Election Integrity and Safety
- Lawsuits – Prior to the election, Attorney General Nessel sued the U.S. Postal Service and Postmaster General Louis DeJoy to ensure mail-in ballots were being properly processed and delivered after operational changes instituted by the USPS could have resulted in a significant number of mail-in ballots not being counted. A federal judge stopped those operational changes from continuing, ensuring mail-in ballots would be handled appropriately by the USPS. In defense of the procedures undertaken by Secretary Benson and election officials, Attorney General Nessel’s office helped defend against the numerous legal challenges filed, which made unverified and unsubstantiated claims of widespread fraud. While some cases are ongoing, an overwhelming majority have been dismissed, withdrawn or otherwise failed in the courts. In one case, the state of Texas sued Michigan and other battleground states in an attempt to overturn election results. The lawsuit fell short of being heard in the U.S. Supreme Court.
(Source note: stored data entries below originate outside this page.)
lemma paths_V_0_nth_last:
  assumes "xs \<in> paths_V p 0 s 0" "s \<ge> 1"
  shows "xs ! (2 * s - 1) = 0"
proof -
  have "length xs = 2 * s" "last xs = 0"
    using assms(1) by (auto simp: paths_V_def)
  then show ?thesis
    using assms(2) last_conv_nth[of xs] by force
qed

lemma paths_V_0_nth_W_less:
  assumes "xs \<in> paths_V p 0 s 0" "s \<ge> 2"
  shows "xs ! (2 * s - 2) < p"
proof -
  have "valid_edge p 0 (2 * s - 3) (xs ! (2 * s - 3)) (xs ! (2 * s - 3 + 1))"
    using assms by (auto simp: paths_V_def)
  moreover have "2 * s - 3 + 1 = 2 * s - 2" "odd (2 * s - 3)" "2 * s - 3 \<noteq> 0"
    using assms(2) by presburger+
  ultimately show ?thesis
    by (simp add: valid_edge_def)
qed

lemma paths_V_0_Suc:
  assumes "s \<ge> 1"
  shows "paths_V p 0 (Suc s) 0 = (\<lambda>(ys, b). ys @ [b, 0]) ` (paths_V p 0 s 0 \<times> {..<p})"
proof (intro set_eqI iffI)
  fix xs assume xs: "xs \<in> paths_V p 0 (Suc s) 0"
  then have len: "length xs = 2 * s + 2"
    and edge: "\<And>j. j < 2 * s + 1 \<Longrightarrow> valid_edge p 0 j (xs ! j) (xs ! (j + 1))"
    by (auto simp: paths_V_def)
  define ys where "ys = take (2 * s) xs"
  have "xs ! (2 * s + 1) = 0"
    using paths_V_0_nth_last[OF xs] by simp
  then have xs_eq: "xs = ys @ [xs ! (2 * s), 0]"
    using len by (intro nth_equalityI) (auto simp: ys_def nth_append less_Suc_eq)
  have "valid_edge p 0 (2 * s - 1) (xs ! (2 * s - 1)) (xs ! (2 * s))"
    using edge[of "2 * s - 1"] assms by (simp add: Suc_diff_le)
  then have "xs ! (2 * s - 1) = 0" "xs ! (2 * s) < p"
    using assms by (auto simp: valid_edge_def)
  moreover have "last ys = 0"
    using len assms \<open>xs ! (2 * s - 1) = 0\<close> last_conv_nth[of ys] by (force simp: ys_def)
  then have "ys \<in> paths_V p 0 s 0"
    using len edge by (auto simp: paths_V_def ys_def)
  ultimately show "xs \<in> (\<lambda>(ys, b). ys @ [b, 0]) ` (paths_V p 0 s 0 \<times> {..<p})"
    using xs_eq by (auto intro!: image_eqI[where x = "(ys, xs ! (2 * s))"])
next
  fix xs assume "xs \<in> (\<lambda>(ys, b). ys @ [b, 0]) ` (paths_V p 0 s 0 \<times> {..<p})"
  then obtain ys b where xs: "xs = ys @ [b, 0]" and ys: "ys \<in> paths_V p 0 s 0" and "b < p"
    by auto
  have len: "length ys = 2 * s"
    and edge: "\<And>j. j < 2 * s - 1 \<Longrightarrow> valid_edge p 0 j (ys ! j) (ys ! (j + 1))"
    using ys by (auto simp: paths_V_def)
  have "valid_edge p 0 j (xs ! j) (xs ! (j + 1))" if j: "j < 2 * s + 1" for j
  proof -
    consider "j < 2 * s - 1" | "j = 2 * s - 1" | "j = 2 * s"
      using j assms by linarith
    then show ?thesis
    proof cases
      case 1
      then have "xs ! j = ys ! j" "xs ! (j + 1) = ys ! (j + 1)"
        using len xs by (auto simp: nth_append)
      then show ?thesis using edge[OF 1] by simp
    next
      case 2
      then have "xs ! j = 0" "xs ! (j + 1) = b" "odd j"
        using len xs assms paths_V_0_nth_last[OF ys] by (auto simp: nth_append)
      then show ?thesis using \<open>b < p\<close> by (auto simp: valid_edge_def)
    qed (use len xs assms \<open>b < p\<close> in \<open>auto simp: nth_append valid_edge_def\<close>)
  qed
  then show "xs \<in> paths_V p 0 (Suc s) 0"
    using len xs by (simp add: paths_V_def)
qed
- Security – While there were a number of attempts to thwart the will of the people, the Attorney General’s office was ready to defend democracy at every turn. One highlight involves a series of robocalls that targeted Detroit-area voters seeking to intimidate them from participating in the election by use of mail-in ballots. The Attorney General’s office launched an investigation and charged Jack Burkman and Jacob Wohl with multiple felonies. They have since been bound over on all four counts and the case remains pending in Wayne County Circuit Court. The Attorney General has also taken action to investigate the few credible reports of fraud received and prosecute those found to have occurred, while also working to investigate threats made to election officials.
- Education – Working in tandem with Secretary of State Benson to ensure a safe and secure election, Attorney General Nessel’s office aggressively protected the integrity of the democratic process while informing the public of their voting rights by hosting town hall events, informational calls and more.
“I am thoroughly impressed and equally grateful for the fair and responsible journalists who have covered these many important topics and, considering the challenging circumstances, have informed their readers and viewers with accurate and reliable information,” Nessel said. “Throughout the ongoing pandemic and turbulent election cycle, many Michigan journalists have been able to sift through the misinformation and disingenuous spin to find the truth, and they have upheld their role as the people’s watchdog.”